Il faudrait une étude approfondie pour manifester les conséquences de tout cela. Bornons-nous à mentionner les pertes de temps ainsi occasionnées, la disparition du sens du beau et du réel (c’est une image de soi que l’on fait vivre), les rêveries malsaines et les impuretés graves… Tentations bien réelles et qui peuvent donner lieu à de vraies addictions.[2] Par ailleurs, on ne peut passer sous silence l’isolement auquel conduisent les téléphones et les réseaux sociaux. Les enfants deviennent égocentriques et leurs amitiés très superficielles. Ils tentent de rompre leur solitude dans une course malsaine à la notoriété (fictive), et finissent pas se dégoûter d’eux-mêmes, ce qui est la porte ouverte à des cas de dépression de plus en plus graves et fréquents. De nombreux experts et observateurs ont témoigné que l’accès à ces réseaux et technologies est le plus souvent nuisible aux enfants.
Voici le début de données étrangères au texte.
definition induced_edges :: "nat set set \<Rightarrow> nat set \<Rightarrow> nat set set" where
  "induced_edges H M = {e \<in> H. e \<subseteq> M}"

definition special_base :: "nat \<Rightarrow> nat set set \<Rightarrow> bool" where
  "special_base n HH \<longleftrightarrow>
     (even n \<and> (\<exists>\<sigma>. bij_betw \<sigma> {1..n} {1..n} \<and>
        HH = {{\<sigma> i, \<sigma> (i mod n + 1)} | i. i \<in> {1..n}}))
   \<or> (odd n \<and> (\<exists>u \<sigma>. u \<in> {1..n} \<and> bij_betw \<sigma> {1..n-1} ({1..n} - {u}) \<and>
        HH = {{\<sigma> i, \<sigma> (i mod (n-1) + 1)} | i. i \<in> {1..n-1}}))"

end

theory Submission
  imports Defs
begin

text \<open>
  (a) A symmetric, irreflexive, triangle-free relation on four letters is a bipartite graph, and
  colouring each position by the side of its letter two-colours every shape.

  (b) \<open>Rdag\<close> is the path \<open>A - B - D - C\<close>. Writing \<open>A\<close>/\<open>B\<close> on the two sides of \<open>M\<close> and \<open>C\<close>
  outside \<open>M\<close> realises exactly the edges inside \<open>M\<close>.

  (c) Read the base graph as an \<open>m\<close>-cycle with \<open>m\<close> even and mark the chosen edges. Walking
  around the cycle and switching between \<open>A\<close> and \<open>B\<close> exactly at marked edges closes up when
  the number of marked edges is even, in particular when the marking is constant. Otherwise
  start the walk just after an unmarked edge that is followed by a marked one. If the count
  is odd, write \<open>C, D\<close> across that marked edge and continue with \<open>A\<close>/\<open>B\<close>; the parity
  makes the walk end on \<open>A\<close>, which is unrelated to the initial \<open>C\<close>.
\<close>

definition count_below :: "(nat \<Rightarrow> bool) \<Rightarrow> nat \<Rightarrow> nat" where
  "count_below b i = card {j. j < i \<and> b j}"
Dans ce contexte, ces paroles de Gustave Thibon, prononcées il y a cinquante ans ne sont-elles pas cruellement actuelles ? « À une époque où l’homme, délivré des servitudes de la matière, devient l’esclave de ses moyens mêmes de libération et où tout se fait sous le signe de la vitesse, il n’y a rien de plus urgent que de reconquérir un peu de vraie liberté, de ne pas se laisser emporter tout entier par le mouvement ; un mouvement où le réflexe prend le pas sur la réflexion, et où le signal remplace le signe. »

Nous savons combien cette question vous préoccupe. Si nous vous écrivons, c’est pour vous exprimer tout notre soutien. Pour vous assurer que vous êtes nombreux à travailler en ce sens et qu’il faut tenir bon pour le bien, la vraie liberté, de vos enfants. Ils vous en remercieront certainement un jour. Sinon, nous risquons de les livrer à « ce vide intérieur, dont le premier symptôme est l’ennui qui dévore beaucoup de nos contemporains, surtout les jeunes, [et qui] est peut-être la plus grande menace qui pèse sur l’homme moderne. »
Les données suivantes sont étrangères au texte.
(* Let $X$ and $Y$ be real-valued random variables and consider the two Bayesian causal models $M_{X\rightarrow Y}$ and $M_{Y\rightarrow X}$ defined as follows. In $M_{X\rightarrow Y}$, the marginal density of the cause is $p(x\mid M_{X\rightarrow Y})=\mathcal{N}(x\mid 0,1)$ and the conditional density of the effect is $p(y\mid x,\boldsymbol{\theta}_Y,M_{X\rightarrow Y})=\mathcal{N}\big(y\mid \mu(x;\boldsymbol{\theta}_Y),\sigma^2(x;\boldsymbol{\theta}_Y)\big)$, where $\mu(\cdot;\boldsymbol{\theta}_Y)=f_{Y,1}(\cdot;\boldsymbol{\theta}_Y)$ and $\sigma(\cdot;\boldsymbol{\theta}_Y)=\zeta\big(f_{Y,2}(\cdot;\boldsymbol{\theta}_Y)\big)$ for a neural network $\mathbf{f}_Y=(f_{Y,1},f_{Y,2}):\mathbb{R}\to\mathbb{R}^2$ with one hidden layer and parameters $\boldsymbol{\theta}_Y$, and $\zeta$ is a positive link function (e.g. $\exp$ or softplus). The parameters $\boldsymbol{\theta}_Y$ have independent zero-mean Gaussian priors: each weight $w_{ij}\sim\mathcal{N}(0,z_{ij}^2)$ and each bias $b_j\sim\mathcal{N}(0,\sigma_b^2)$. The model $M_{Y\rightarrow X}$ is defined symmetrically with the roles of $X$ and $Y$ exchanged (marginal $\mathcal{N}(y\mid0,1)$, conditional $\mathcal{N}(x\mid \mu(y;\boldsymbol{\theta}_X),\sigma^2(y;\boldsymbol{\theta}_X))$ given by an analogous one-hidden-layer network with the same type of Gaussian priors). Then $M_{X\rightarrow Y}$ and $M_{Y\rightarrow X}$ are not separable-compatible.
   Context: A Bayesian causal model $M_{X\rightarrow Y}$ consists of a class $\mathcal{C}_X$ of marginal distributions $m_X$ of $X$, a class $\mathcal{C}_{Y\mid X}$ of conditional distributions $c_{Y\mid X}$ of $Y$ given $X$, and a factorized prior $\pi_{X\rightarrow Y}(m_X,c_{Y\mid X})=\pi_X(m_X)\pi_{Y\mid X}(c_{Y\mid X})$; similarly $M_{Y\rightarrow X}$ has $\mathcal{C}_Y$, $\mathcal{C}_{X\mid Y}$ and prior $\pi_{Y\rightarrow X}(m_Y,c_{X\mid Y})=\pi_Y(m_Y)\pi_{X\mid Y}(c_{X\mid Y})$. Let $\gamma:\mathcal{C}_X\times\mathcal{C}_{Y\mid X}\to\mathcal{C}_Y\times\mathcal{C}_{X\mid Y}$ be the bijection mapping $(m_X,c_{Y\mid X})$ to the unique $(m_Y,c_{X\mid Y})$ with $m_X(x)c_{Y\mid X}(y\mid x)=m_Y(y)c_{X\mid Y}(x\mid y)$ for all $x,y$ (i.e. the anti-causal factorization of the same joint). The two models are called separable-compatible if such a bijection $\gamma$ exists, the push-forward $\gamma_\sharp\pi_{X\rightarrow Y}$ is separable with respect to $\mathcal{C}_Y\times\mathcal{C}_{X\mid Y}$ and equals $\pi_Y(m_Y)\pi_{X\mid Y}(c_{X\mid Y})$, and the push-forward $\gamma^{-1}_\sharp\pi_{Y\rightarrow X}$ is separable with respect to $\mathcal{C}_X\times\mathcal{C}_{Y\mid X}$ (equivalently: the anti-causal factorization of each model lies in the same distribution classes as the other model, with a prior that factorizes into independent priors matching the other model's priors). *)

theory Defs
  imports "HOL-Probability.Probability"
begin

text \<open>A conditional density
  c(b | a) is represented as a function c :: real => real => real with c a b = c(b | a).\<close>

definition fun_alg :: "(real \<Rightarrow> real) measure" where
  "fun_alg = Pi\<^sub>M UNIV (\<lambda>_::real. borel)"

definition cond_alg :: "(real \<Rightarrow> real \<Rightarrow> real) measure" where
  "cond_alg = Pi\<^sub>M UNIV (\<lambda>_::real. fun_alg)"

text \<open>A Bayesian causal model for cause A and effect B: the prior on the class of marginals
  of the cause (its space is the class C_A) and the prior on the class of conditionals
  of the effect given the cause (its space is the class C_{B|A}).\<close>

record bcm =
  bcm_marg :: "(real \<Rightarrow> real) measure"
  bcm_cond :: "(real \<Rightarrow> real \<Rightarrow> real) measure"

definition bcm_prior :: "bcm \<Rightarrow> ((real \<Rightarrow> real) \<times> (real \<Rightarrow> real \<Rightarrow> real)) measure" where
  "bcm_prior M = bcm_marg M \<Otimes>\<^sub>M bcm_cond M"

text \<open>M is a model X -> Y, N a model Y -> X.  gamma maps (m_X, c_{Y|X}) to the anti-causal
  factorization (m_Y, c_{X|Y}) of the same joint; the push-forward of the prior of M is
  the (factorized) prior of N and the push-forward of the prior of N under the inverse
  is the (factorized) prior of M.\<close>

definition separable_compatible :: "bcm \<Rightarrow> bcm \<Rightarrow> bool" where
  "separable_compatible M N \<longleftrightarrow>
     (\<exists>\<gamma>. bij_betw \<gamma> (space (bcm_prior M)) (space (bcm_prior N)) \<and>
        (\<forall>p \<in> space (bcm_prior M). \<forall>x y.
            fst p x * snd p x y = fst (\<gamma> p) y * snd (\<gamma> p) y x) \<and>
        \<gamma> \<in> measurable (bcm_prior M) (bcm_prior N) \<and>
        distr (bcm_prior M) (bcm_prior N) \<gamma> = bcm_prior N \<and>
        the_inv_into (space (bcm_prior M)) \<gamma> \<in> measurable (bcm_prior N) (bcm_prior M) \<and>
        distr (bcm_prior N) (bcm_prior M) (the_inv_into (space (bcm_prior M)) \<gamma>) = bcm_prior M)"

text \<open>Parameters of a one-hidden-layer network R -> R^2 with H hidden units:
  input weights W_in i, hidden biases B_hid i, output weights W_out k i and output
  biases B_out k, where k = True is the mean output f_1 and k = False the scale output f_2.\<close>

datatype nn_idx = W_in nat | B_hid nat | W_out bool nat | B_out bool

definition nn_idx_set :: "nat \<Rightarrow> nn_idx set" where
  "nn_idx_set H = {W_in i | i. i < H} \<union> {B_hid i | i. i < H} \<union>
                  {W_out k i | k i. i < H} \<union> {B_out k | k. True}"

definition is_weight :: "nn_idx \<Rightarrow> bool" where
  "is_weight j \<longleftrightarrow> (case j of W_in _ \<Rightarrow> True | W_out _ _ \<Rightarrow> True | _ \<Rightarrow> False)"

definition nn_out :: "nat \<Rightarrow> (real \<Rightarrow> real) \<Rightarrow> (nn_idx \<Rightarrow> real) \<Rightarrow> bool \<Rightarrow> real \<Rightarrow> real" where
  "nn_out H \<phi> \<theta> k t =
     (\<Sum>i<H. \<theta> (W_out k i) * \<phi> (\<theta> (W_in i) * t + \<theta> (B_hid i))) + \<theta> (B_out k)"

text \<open>Conditional density N(b | mu(a; theta), sigma(a; theta)^2), with mu = f_1 and
  sigma = zeta o f_2 (normal_density m s is the Gaussian density with mean m, std. dev. s).\<close>
definition nn_cond :: "nat \<Rightarrow> (real \<Rightarrow> real) \<Rightarrow> (real \<Rightarrow> real) \<Rightarrow> (nn_idx \<Rightarrow> real)
                        \<Rightarrow> real \<Rightarrow> real \<Rightarrow> real" where
  "nn_cond H \<phi> \<zeta> \<theta> a b = normal_density (nn_out H \<phi> \<theta> True a) (\<zeta> (nn_out H \<phi> \<theta> False a)) b"

definition nn_param_prior :: "nat \<Rightarrow> (nn_idx \<Rightarrow> real) \<Rightarrow> real \<Rightarrow> (nn_idx \<Rightarrow> real) measure" where
  "nn_param_prior H z sb =
     (\<Pi>\<^sub>M j \<in> nn_idx_set H. density lborel (normal_density 0 (if is_weight j then z j else sb)))"

definition nn_cond_class :: "nat \<Rightarrow> (real \<Rightarrow> real) \<Rightarrow> (real \<Rightarrow> real) \<Rightarrow> (real \<Rightarrow> real \<Rightarrow> real) set" where
  "nn_cond_class H \<phi> \<zeta> = (\<lambda>\<theta>. nn_cond H \<phi> \<zeta> \<theta>) ` (PiE (nn_idx_set H) (\<lambda>_. UNIV))"

definition nn_cond_prior :: "nat \<Rightarrow> (real \<Rightarrow> real) \<Rightarrow> (real \<Rightarrow> real) \<Rightarrow> (nn_idx \<Rightarrow> real) \<Rightarrow> real
                              \<Rightarrow> (real \<Rightarrow> real \<Rightarrow> real) measure" where
  "nn_cond_prior H \<phi> \<zeta> z sb =
     distr (nn_param_prior H z sb) (restrict_space cond_alg (nn_cond_class H \<phi> \<zeta>))
           (\<lambda>\<theta>. nn_cond H \<phi> \<zeta> \<theta>)"

definition std_marg_prior :: "(real \<Rightarrow> real) measure" where
  "std_marg_prior = return (restrict_space fun_alg {normal_density 0 1}) (normal_density 0 1)"

definition nn_model :: "nat \<Rightarrow> (real \<Rightarrow> real) \<Rightarrow> (real \<Rightarrow> real) \<Rightarrow> (nn_idx \<Rightarrow> real) \<Rightarrow> real \<Rightarrow> bcm" where
  "nn_model H \<phi> \<zeta> z sb = \<lparr> bcm_marg = std_marg_prior, bcm_cond = nn_cond_prior H \<phi> \<zeta> z sb \<rparr>"

end

theory Submission
  imports Defs
begin

text \<open>Both models put a Dirac prior on the standard normal marginal of the cause.  Integrating
  x out of the identity m_X(x) c(y | x) = m_Y(y) c'(x | y) shows that the anti-causal marginal
  m_Y is the Y-marginal of the joint, so every joint of the model X \<rightarrow> Y would need a standard
  normal Y-marginal.  But with all output weights zero the network ignores its input, giving
  the conditional N(5, \<zeta>(0)^2) and hence the Y-marginal N(5, \<zeta>(0)^2).\<close>

lemma space_bcm_prior: "space (bcm_prior M) = space (bcm_marg M) \<times> space (bcm_cond M)"
  by (simp add: bcm_prior_def space_pair_measure)

lemma marginal_eq_of_factorization:
  fixes mX mY :: "real \<Rightarrow> real" and c c' :: "real \<Rightarrow> real \<Rightarrow> real"
  assumes "\<And>x y. mX x * c x y = mY y * c' y x" and "(\<integral>x. c' y x \<partial>lborel) = 1"
  shows "(\<integral>x. mX x * c x y \<partial>lborel) = mY y"
  by (simp add: assms)

lemma separable_compatible_effect_marginal:
  assumes "separable_compatible M N" and "(mX, c) \<in> space (bcm_prior M)"
    and "\<And>c' y. c' \<in> space (bcm_cond N) \<Longrightarrow> (\<integral>x. c' y x \<partial>lborel) = 1"
  obtains mY where "mY \<in> space (bcm_marg N)" and "\<And>y. (\<integral>x. mX x * c x y \<partial>lborel) = mY y"
proof -
  from assms(1) obtain \<gamma> where
    \<gamma>: "bij_betw \<gamma> (space (bcm_prior M)) (space (bcm_prior N))" and
    factorization: "\<forall>p \<in> space (bcm_prior M). \<forall>x y.
            fst p x * snd p x y = fst (\<gamma> p) y * snd (\<gamma> p) y x"
    unfolding separable_compatible_def by blast
  obtain mY c' where \<gamma>_image: "\<gamma> (mX, c) = (mY, c')"
    by fastforce
  have "\<gamma> (mX, c) \<in> space (bcm_prior N)"
    using bij_betw_apply[OF \<gamma> assms(2)] .
  then have "mY \<in> space (bcm_marg N)" "c' \<in> space (bcm_cond N)"
    by (simp_all add: \<gamma>_image space_bcm_prior)
  moreover have "(\<integral>x. mX x * c x y \<partial>lborel) = mY y" for y
    using factorization assms(2,3) \<gamma>_image \<open>c' \<in> space (bcm_cond N)\<close>
    by (intro marginal_eq_of_factorization[where c' = c']) force+
  ultimately show ?thesis using that by blast
qed

lemma normal_density_eq_std_imp_mean_zero:
  fixes m s :: real
  assumes "s > 0" and "normal_density m s = normal_density 0 1"
  shows "m = 0"
proof -
  have "normal_density m s m = normal_density m s (- m)"
    using assms(2) by (simp add: normal_density_def)
  then have "exp 0 = exp (- ((- m - m)\<^sup>2) / (2 * s\<^sup>2))"
    using assms(1) by (simp add: normal_density_def)
  then have "(- m - m)\<^sup>2 / (2 * s\<^sup>2) = 0"
    by simp
  then show ?thesis
    using assms(1) by simp
qed

lemma space_fun_alg [simp]: "space fun_alg = UNIV"
  by (simp add: fun_alg_def space_PiM)

lemma space_cond_alg [simp]: "space cond_alg = UNIV"
  by (simp add: cond_alg_def space_PiM)

lemma space_bcm_marg_nn_model [simp]:
  "space (bcm_marg (nn_model H \<phi> \<zeta> z sb)) = {normal_density 0 1}"
  by (simp add: nn_model_def std_marg_prior_def space_restrict_space)

lemma space_bcm_cond_nn_model [simp]:
  "space (bcm_cond (nn_model H \<phi> \<zeta> z sb)) = nn_cond_class H \<phi> \<zeta>"
  by (simp add: nn_model_def nn_cond_prior_def space_restrict_space)

lemma nn_out_eq_output_bias:
  assumes "\<And>i. i < H \<Longrightarrow> \<theta> (W_out k i) = 0"
  shows "nn_out H \<phi> \<theta> k t = \<theta> (B_out k)"
  using assms by (simp add: nn_out_def)

lemma constant_normal_in_nn_cond_class:
  "(\<lambda>_. normal_density m (\<zeta> s)) \<in> nn_cond_class H \<phi> \<zeta>"
proof -
  define \<theta> where "\<theta> = restrict (\<lambda>j. if j = B_out True then m else if j = B_out False then s else 0)
    (nn_idx_set H)"
  have "\<theta> (W_out k i) = 0" if "i < H" for k i
    using that by (auto simp: \<theta>_def nn_idx_set_def)
  moreover have "\<theta> (B_out True) = m" "\<theta> (B_out False) = s"
    by (auto simp: \<theta>_def nn_idx_set_def)
  ultimately have "nn_cond H \<phi> \<zeta> \<theta> = (\<lambda>_. normal_density m (\<zeta> s))"
    by (simp add: nn_cond_def nn_out_eq_output_bias fun_eq_iff)
  moreover have "\<theta> \<in> PiE (nn_idx_set H) (\<lambda>_. UNIV)"
    by (simp add: \<theta>_def)
  ultimately show ?thesis
    unfolding nn_cond_class_def by (metis image_eqI)
qed

lemma integral_nn_cond_class:
  assumes "\<And>t. \<zeta> t > 0" and "c \<in> nn_cond_class H \<phi> \<zeta>"
  shows "(\<integral>x. c a x \<partial>lborel) = 1"
  using assms by (auto simp: nn_cond_class_def nn_cond_def)

theorem proposition4p2:
  fixes H1 H2 :: nat and \<phi>1 \<phi>2 \<zeta>1 \<zeta>2 :: "real \<Rightarrow> real"
    and z1 z2 :: "nn_idx \<Rightarrow> real" and sb1 sb2 :: real
  assumes "H1 > 0" and "H2 > 0"
    and "continuous_on UNIV \<phi>1" and "continuous_on UNIV \<phi>2"
    and "continuous_on UNIV \<zeta>1" and "continuous_on UNIV \<zeta>2"
    and "\<And>t. \<zeta>1 t > 0" and "\<And>t. \<zeta>2 t > 0"
    and "\<And>j. z1 j > 0" and "\<And>j. z2 j > 0"
    and "sb1 > 0" and "sb2 > 0"
  shows "\<not> separable_compatible (nn_model H1 \<phi>1 \<zeta>1 z1 sb1) (nn_model H2 \<phi>2 \<zeta>2 z2 sb2)"
proof
  assume compatible: "separable_compatible (nn_model H1 \<phi>1 \<zeta>1 z1 sb1) (nn_model H2 \<phi>2 \<zeta>2 z2 sb2)"
  have "(normal_density 0 1, \<lambda>_. normal_density 5 (\<zeta>1 0))
      \<in> space (bcm_prior (nn_model H1 \<phi>1 \<zeta>1 z1 sb1))"
    by (simp add: space_bcm_prior constant_normal_in_nn_cond_class)
  moreover have "\<And>c' y. c' \<in> space (bcm_cond (nn_model H2 \<phi>2 \<zeta>2 z2 sb2))
      \<Longrightarrow> (\<integral>x. c' y x \<partial>lborel) = 1"
    using integral_nn_cond_class[OF assms(8)] by simp
  ultimately obtain mY where "mY \<in> space (bcm_marg (nn_model H2 \<phi>2 \<zeta>2 z2 sb2))"
    and "\<And>y. (\<integral>x. normal_density 0 1 x * normal_density 5 (\<zeta>1 0) y \<partial>lborel) = mY y"
    using separable_compatible_effect_marginal[OF compatible] by blast
  then have "normal_density 5 (\<zeta>1 0) = normal_density 0 1"
    by (simp add: fun_eq_iff)
  with normal_density_eq_std_imp_mean_zero[OF assms(7)] show False
    by fastforce
qed

end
Cela explique aussi les nouvelles directives dont vous avez probablement déjà pris connaissance (interdiction à l’école des téléphones ayant un accès internet jusqu’en fin de seconde) et qui, nous l’espérons, vous aideront à mettre plus facilement les enfants dans un environnement favorable au travail, à la réflexion et à la méditation. Ces mesures – prises tardivement ce dont nous vous prions de nous excuser – porteront des fruits dans la mesure où nous nous trouverons en phase sur cette question importante.

La jeunesse s’accompagne souvent de faiblesse ; c’était la pensée de don Bosco qui cherchait à créer un environnement « où le péché devienne presque matériellement impossible ».
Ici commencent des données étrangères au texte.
lemma energy_density_dissipation:
  fixes a a' h nu delta p q :: real
  assumes a: "0 < a" and a': "\<bar>a'\<bar> \<le> nu * a / 2"
    and h: "0 < delta" "delta \<le> h" "h \<le> 1/2"
  shows "- 2 * h * a' * p * q - a * nu * h * (p^2 + q^2)
           \<le> - (nu * delta / 4) * (a * ((1 + h) * p^2 + (1 - h) * q^2))"
proof -
  have "0 \<le> nu * a" using a' by linarith
  then have nu: "0 \<le> nu" using a by (simp add: zero_le_mult_iff)
  have "\<bar>2 * h * a' * p * q\<bar> = h * \<bar>a'\<bar> * \<bar>2 * p * q\<bar>"
    using h by (simp add: abs_mult)
  also have "\<dots> \<le> h * (nu * a / 2) * (p^2 + q^2)"
    using h a' abs_mult_le_sum_squares[of p q] by (intro mult_mono mult_left_mono) auto
  finally have cross: "- 2 * h * a' * p * q \<le> a * nu * h * (p^2 + q^2) / 2"
    by (simp add: algebra_simps)
  have "delta * (1 + h) \<le> h * 2" "delta * (1 - h) \<le> h * 2"
    using h by (intro mult_mono; simp)+
  then have "nu * (delta * (1 + h)) \<le> nu * (h * 2)" "nu * (delta * (1 - h)) \<le> nu * (h * 2)"
    using nu by (auto intro: mult_left_mono)
  then have "nu * delta / 4 * (1 + h) \<le> nu * h / 2" "nu * delta / 4 * (1 - h) \<le> nu * h / 2"
    by (simp_all add: algebra_simps)
  have "nu * delta / 4 * (a * ((1 + h) * p^2 + (1 - h) * q^2))
          = a * (nu * delta / 4 * (1 + h) * p^2 + nu * delta / 4 * (1 - h) * q^2)"
    by (simp add: field_simps)
  also have "\<dots> \<le> a * (nu * h / 2 * p^2 + nu * h / 2 * q^2)"
    using a \<open>nu * delta / 4 * (1 + h) \<le> nu * h / 2\<close> \<open>nu * delta / 4 * (1 - h) \<le> nu * h / 2\<close>
    by (intro mult_left_mono add_mono mult_right_mono) auto
  also have "\<dots> = a * nu * h * (p^2 + q^2) / 2"
    by (simp add: algebra_simps)
  finally have "nu * delta / 4 * (a * ((1 + h) * p^2 + (1 - h) * q^2)) \<le> a * nu * h * (p^2 + q^2) / 2" .
  with cross show ?thesis
    by linarith
qed

lemma abs_add_abs_le_weighted_squares:
  fixes a amin h lam p q :: real
  assumes a: "0 < amin" "amin \<le> a" and h: "0 \<le> h" "h \<le> 1/2" and lam: "0 < lam"
  shows "\<bar>p\<bar> + \<bar>q\<bar> \<le> lam / amin * (a * ((1 + h) * p^2 + (1 - h) * q^2)) + 1 / lam"
proof -
  have "amin * ((p^2 + q^2) / 2) \<le> a * ((1 + h) * p^2 + (1 - h) * q^2)"
  proof (rule mult_mono)
    show "(p^2 + q^2) / 2 \<le> (1 + h) * p^2 + (1 - h) * q^2"
      using mult_right_mono[of "1/2" "1 + h" "p^2"] mult_right_mono[of "1/2" "1 - h" "q^2"] h
      by simp
  qed (use a h in auto)
  then have "lam / amin * (amin * ((p^2 + q^2) / 2))
               \<le> lam / amin * (a * ((1 + h) * p^2 + (1 - h) * q^2))"
    using a lam by (intro mult_left_mono) auto
  then have "lam * (p^2 + q^2) / 2 \<le> lam / amin * (a * ((1 + h) * p^2 + (1 - h) * q^2))"
    using a by simp
  moreover have "\<bar>p\<bar> + \<bar>q\<bar> \<le> lam * (p^2 + q^2) / 2 + 1 / lam"
    using abs_le_AM_GM[OF lam, of p] abs_le_AM_GM[OF lam, of q] by (simp add: field_simps)
  ultimately show ?thesis
    by linarith
qed

lemma abs_trace_integrand_le:
  fixes a amin amax ainf h lam u1 u2 :: real
  assumes a: "0 < amin" "amin \<le> a" "a \<le> amax" and ainf: "0 < ainf"
    and h: "0 \<le> h" "h \<le> 1/2" and lam: "0 < lam"
  shows "\<bar>u1 + (1 / ainf) * (a * u2)\<bar>
           \<le> (1 + amax / ainf) * (lam / amin * (a * ((1 + h) * (u1 + u2)^2 + (1 - h) * (u2 - u1)^2))
                                  + 1 / lam)"
proof -
  have K: "0 \<le> amax / ainf" using a ainf by simp
  have "\<bar>(1 / ainf) * (a * u2)\<bar> \<le> (amax / ainf) * \<bar>u2\<bar>"
    using a ainf by (simp add: abs_mult divide_right_mono mult_right_mono)
  then have "\<bar>u1 + (1 / ainf) * (a * u2)\<bar> \<le> \<bar>u1\<bar> + (amax / ainf) * \<bar>u2\<bar>"
    using abs_triangle_ineq[of u1 "(1 / ainf) * (a * u2)"] by linarith
  also have "\<dots> \<le> (1 + amax / ainf) * (\<bar>u1\<bar> + \<bar>u2\<bar>)"
    using mult_nonneg_nonneg[OF K abs_ge_zero[of u1]] by (simp add: algebra_simps)
  also have "\<dots> \<le> (1 + amax / ainf) * (\<bar>u1 + u2\<bar> + \<bar>u2 - u1\<bar>)"
    using K by (intro mult_left_mono) auto
  also have "\<dots> \<le> (1 + amax / ainf) * (lam / amin * (a * ((1 + h) * (u1 + u2)^2 + (1 - h) * (u2 - u1)^2))
                                         + 1 / lam)"
    using K by (intro mult_left_mono abs_add_abs_le_weighted_squares a h lam) auto
  finally show ?thesis .
qed

lemma exp_mult_nonincreasing_of_dissipative:
  fixes V :: "real \<Rightarrow> real"
  assumes deriv: "\<And>s. \<exists>V'. (V has_real_derivative V') (at s) \<and> (T < s \<longrightarrow> V' \<le> - kappa * V s)"
    and "T \<le> t"
  shows "exp (kappa * t) * V t \<le> exp (kappa * T) * V T"
proof (rule DERIV_nonpos_imp_decreasing_open[OF \<open>T \<le> t\<close>])
  fix s assume s: "T < s" "s < t"
  obtain V' where V': "(V has_real_derivative V') (at s)" "V' \<le> - kappa * V s"
    using deriv[of s] s by blast
  have "((\<lambda>s. exp (kappa * s) * V s) has_real_derivative exp (kappa * s) * (kappa * V s + V')) (at s)"
    by (auto intro!: derivative_eq_intros V'(1) simp: algebra_simps)
  moreover have "exp (kappa * s) * (kappa * V s + V') \<le> 0"
    using V'(2) by (intro mult_nonneg_nonpos) auto
  ultimately show "\<exists>y. ((\<lambda>s. exp (kappa * s) * V s) has_real_derivative y) (at s) \<and> y \<le> 0"
    by blast
next
  show "continuous_on {T..t} (\<lambda>s. exp (kappa * s) * V s)"
    using deriv by (intro continuous_intros) (meson DERIV_isCont continuous_at_imp_continuous_on)
qed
Nous espérons que notre lettre confortera vos sentiments en cette matière. Nos fonctions à Saint-Dominique nous offrent un petit promontoire duquel on peut apercevoir certaines choses qu’il serait bien coupable de taire…

Soyez assurés, chers parents, de notre profond et entier dévouement.

Michel Valadier, directeur du groupe scolaire,

Chanoine Robert Vignaud, aumônier.

[1] La décision du ministre de l’Éducation Nationale d’interdire les téléphones portables dans l’enceinte des établissements à la rentrée de septembre montre bien que ce problème est clairement identifié. Sans parler des déclarations régulières de fondateurs ou de pionniers des réseaux sociaux, qui confessent être effrayés par ce qu’ils ont créé, quand ils n’avouent pas ingénument interdire l’usage des smartphones à leurs propres enfants…

[2] Nous admettons bien volontiers qu’il est parfois prudent de doter un enfant d’un téléphone, mais, de nouveau, il en existe sans internet et sans wifi.